Posted on:2004-05-26Degree:Ph.DType:Dissertation
University:New York UniversityCandidate:Cavallo, MicheleFull Text:PDF
GTID:1459390011954479Subject:Economics
Abstract/Summary:PDF Full Text Request
This dissertation analyzes the effects of fiscal policies in closed and open economies. It consists of three essays.; In the first essay I observe that after World War II about 75 percent of government expenditure in the U.S. economy has been spent on compensation of public employees. To assess the effects of exogenous fiscal policy shocks originating from military buildups, I introduce within a dynamic model economy the distinction between the goods and the employees' compensation components of government consumption. The distinction improves the quantitative performance of the model. The model with two categories of government spending delivers dynamic responses to a fiscal shock that match more closely their estimated counterparts relative to a model where the distinction is neglected.; In the second essay I set up a model economy that helps to reproduce the recent empirical evidence based on vector autoregression on the effects of exogenous increases in government purchases.

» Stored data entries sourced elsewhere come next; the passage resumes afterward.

lemma mat_mult_mscale_left: "mat_mult n (mscale c X) Y = mscale c (mat_mult n X Y)"
  unfolding mat_mult_def mscale_def by (simp add: fun_eq_iff sum_distrib_left mult_ac)

lemma mat_mult_mscale_right: "mat_mult n X (mscale c Y) = mscale c (mat_mult n X Y)"
  unfolding mat_mult_def mscale_def by (simp add: fun_eq_iff sum_distrib_left mult_ac)

lemma mat_mult_gl: "X \<in> gl n \<Longrightarrow> Y \<in> gl n \<Longrightarrow> mat_mult n X Y \<in> gl n"
  unfolding gl_def mat_mult_def by auto

lemma bracket_gl: "X \<in> gl n \<Longrightarrow> Y \<in> gl n \<Longrightarrow> bracket n X Y \<in> gl n"
  unfolding bracket_def using mat_mult_gl[of X n Y] mat_mult_gl[of Y n X] by (auto simp: gl_def)

lemma vector_space_mscale: "vector_space mscale"
  by unfold_locales (auto simp: mscale_def fun_eq_iff algebra_simps)

lemma sum_apply2: "(\<Sum>x\<in>S. f x) i j = (\<Sum>x\<in>S. f x i j :: complex)"
  by (induction S rule: infinite_finite_induct) auto

definition elem_mat :: "nat \<Rightarrow> nat \<Rightarrow> cmat" where
  "elem_mat a b = (\<lambda>i j. if i = a \<and> j = b then 1 else 0)"

lemma elem_mat_gl: "a \<in> {1..n} \<Longrightarrow> b \<in> {1..n} \<Longrightarrow> elem_mat a b \<in> gl n"
  unfolding gl_def elem_mat_def by auto

lemma in_span_elem_mat:
  assumes "finite I" and "\<And>i j. (i, j) \<notin> I \<Longrightarrow> X i j = 0"
  shows "X \<in> module.span mscale ((\<lambda>(a, b). elem_mat a b) ` I)"
proof -
  interpret vector_space mscale by (rule vector_space_mscale)
  have "X = (\<Sum>(a, b)\<in>I. mscale (X a b) (elem_mat a b))"
  proof (intro ext)
    fix i j
    have "(\<Sum>(a, b)\<in>I. mscale (X a b) (elem_mat a b)) i j
        = (\<Sum>p\<in>I. if p = (i, j) then X i j else 0)"
      unfolding sum_apply2 by (intro sum.cong) (auto simp: mscale_def elem_mat_def split: if_splits)
    then show "X i j = (\<Sum>(a, b)\<in>I. mscale (X a b) (elem_mat a b)) i j"
      using assms by auto
  qed
  also have "\<dots> \<in> span ((\<lambda>(a, b). elem_mat a b) ` I)"
    by (intro span_sum) (auto intro: span_scale span_base)
  finally show ?thesis .
qed

definition centralizer :: "nat \<Rightarrow> cmat \<Rightarrow> cmat set" where
  "centralizer n A = {X \<in> gl n. mat_mult n A X = mat_mult n X A}"

lemma subspace_centralizer: "module.subspace mscale (centralizer n A)"
proof -
  interpret vector_space mscale by (rule vector_space_mscale)
  have "0 \<in> centralizer n A"
    by (simp add: centralizer_def gl_def mat_mult_def fun_eq_iff)
  moreover have "X + Y \<in> centralizer n A" if "X \<in> centralizer n A" "Y \<in> centralizer n A" for X Y
    using that by (simp add: centralizer_def gl_def mat_mult_add_left mat_mult_add_right)
  moreover have "mscale c X \<in> centralizer n A" if "X \<in> centralizer n A" for c X
    using that by (simp add: centralizer_def gl_def mat_mult_mscale_left mat_mult_mscale_right)
      (simp add: mscale_def)
  ultimately show ?thesis unfolding subspace_def by blast
qed

definition trace_form :: "nat \<Rightarrow> cmat \<Rightarrow> cmat \<Rightarrow> complex" where
  "trace_form n A X = (\<Sum>i=1..n. \<Sum>j=1..n. A j i * X i j)"

lemma trace_form_bracket:
  "trace_form n A (bracket n X Y) = trace_form n (bracket n A X) Y"
proof -
  have AXY: "(\<Sum>i=1..n. \<Sum>j=1..n. \<Sum>k=1..n. A j i * X i k * Y k j)
      = (\<Sum>i=1..n. \<Sum>j=1..n. \<Sum>k=1..n. A j k * X k i * Y i j)"
    by (rule sum_reverse3)
  have AYX: "(\<Sum>i=1..n. \<Sum>j=1..n. \<Sum>k=1..n. A j i * Y i k * X k j)
      = (\<Sum>i=1..n. \<Sum>j=1..n. \<Sum>k=1..n. X j k * A k i * Y i j)"
    by (rule sum.cong[OF refl], subst sum.swap) (simp add: mult_ac)
  have "trace_form n A (bracket n X Y)
      = (\<Sum>i=1..n. \<Sum>j=1..n. \<Sum>k=1..n. A j i * X i k * Y k j)
        - (\<Sum>i=1..n. \<Sum>j=1..n. \<Sum>k=1..n. A j i * Y i k * X k j)"
    unfolding trace_form_def bracket_def mat_mult_def
    by (simp add: right_diff_distrib sum_subtractf sum_distrib_left mult.assoc)
  also have "\<dots> = (\<Sum>i=1..n. \<Sum>j=1..n. \<Sum>k=1..n. A j k * X k i * Y i j)
        - (\<Sum>i=1..n. \<Sum>j=1..n. \<Sum>k=1..n. X j k * A k i * Y i j)"
    by (simp only: AXY AYX)
  also have "\<dots> = trace_form n (bracket n A X) Y"
    unfolding trace_form_def bracket_def mat_mult_def
    by (simp add: left_diff_distrib sum_subtractf sum_distrib_right)
  finally show ?thesis .
qed

lemma trace_form_elem_mat:
  assumes "a \<in> {1..n}" and "b \<in> {1..n}"
  shows "trace_form n D (elem_mat a b) = D b a"
proof -
  have "(\<Sum>j=1..n. D j i * elem_mat a b i j) = (if i = a then D b a else 0)" for i
    using assms(2) by (simp add: elem_mat_def if_distrib[of "\<lambda>x. _ * x"] cong: if_cong)
  then show ?thesis
    using assms(1) by (simp add: trace_form_def)
qed
lemma is_Lcopy_L4_basis:
  assumes "b \<in> IB" "b' \<in> IB"
  shows "is_Lcopy (IB \<times> UNIV) (act gen_B) 4 (L4_basis b b' :: nat \<Rightarrow> ('b \<times> sl2b, 'k::field_char_0) mpoly)"
  unfolding is_Lcopy_def all_le_4_iff
proof (intro conjI allI impI)
  fix c :: "nat \<Rightarrow> 'k" assume "(\<Sum>i\<le>4. Const (c i) * L4_basis b b' i) = 0"
  from L4_basis_independent[OF this] show "c 0 = 0" "c 1 = 0" "c 2 = 0" "c 3 = 0" "c 4 = 0"
    by auto
qed (use assms in \<open>simp_all add: L4_basis_in_polys act_F_L4_basis act_H_L4_basis act_E_L4_basis,
    simp add: eval_nat_numeral act_F_L4_basis\<close>)

lemma Var_E_mult_Var_E_in_isotypic_4:
  fixes b b' :: 'b
  assumes "b \<in> IB" "b' \<in> IB"
  shows "(Var (b, E) * Var (b', E) :: ('b \<times> sl2b, 'k::field_char_0) mpoly)
           \<in> isotypic (IB \<times> UNIV) (act gen_B) 4"
proof -
  have "L4_basis b b' 0 \<in> span_of 4 (L4_basis b b' :: nat \<Rightarrow> ('b \<times> sl2b, 'k) mpoly)"
    by (rule span_of_basis) simp
  then show ?thesis
    using span_of_subset_isotypic[OF is_Lcopy_L4_basis[OF assms]] by (auto simp: L4_basis_def)
qed


section \<open>Weights\<close>

definition var_half_weight :: "'a + 'b \<times> sl2b \<Rightarrow> int" where
  "var_half_weight x = (case x of Inl _ \<Rightarrow> 0 | Inr (_, s) \<Rightarrow> (case s of E \<Rightarrow> 1 | H \<Rightarrow> 0 | F \<Rightarrow> -1))"

definition half_weight :: "('a + 'b \<times> sl2b \<Rightarrow>\<^sub>0 nat) \<Rightarrow> int" where
  "half_weight a = (\<Sum>x\<in>Poly_Mapping.keys a. var_half_weight x * int (Poly_Mapping.lookup a x))"

lemma gen_U_H: "gen_U H x = Const (of_int (2 * var_half_weight x)) * Var x"
  by (cases x) (auto simp: gen_U_def var_half_weight_def split: sl2b.splits)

This evidence shows that increases in private consumption and decreases in private investment follow positive shocks to government spending. A model with staggered prices, endogenous nominal interest rate setting and rule-of-thumb consumers can potentially replicate that evidence.; In the third essay, together with my coauthors, I show, for a sample of emerging market countries entering a currency crisis, that high levels of foreign debt are associated with excessive exchange rate devaluations and large output contractions. We develop a model, characterized by the presence of a borrowing constraint, that helps explain this evidence. The domestic country can borrow only up to a fraction of the value of its assets. Devaluations reduce the value of domestic assets relative to international liabilities and make countries with high foreign debt more likely to hit the borrowing constraint. When countries hit the constraint, a fire sale of domestic assets can lead to significant negative wealth effects. There can be a tradeoff between fixed and flexible exchange rate regimes. A fixed exchange regime can mitigate the negative wealth effect of the fire sale but at the cost of additional output. Under certain parameter configurations a fixed exchange rate regime dominates a flexible one.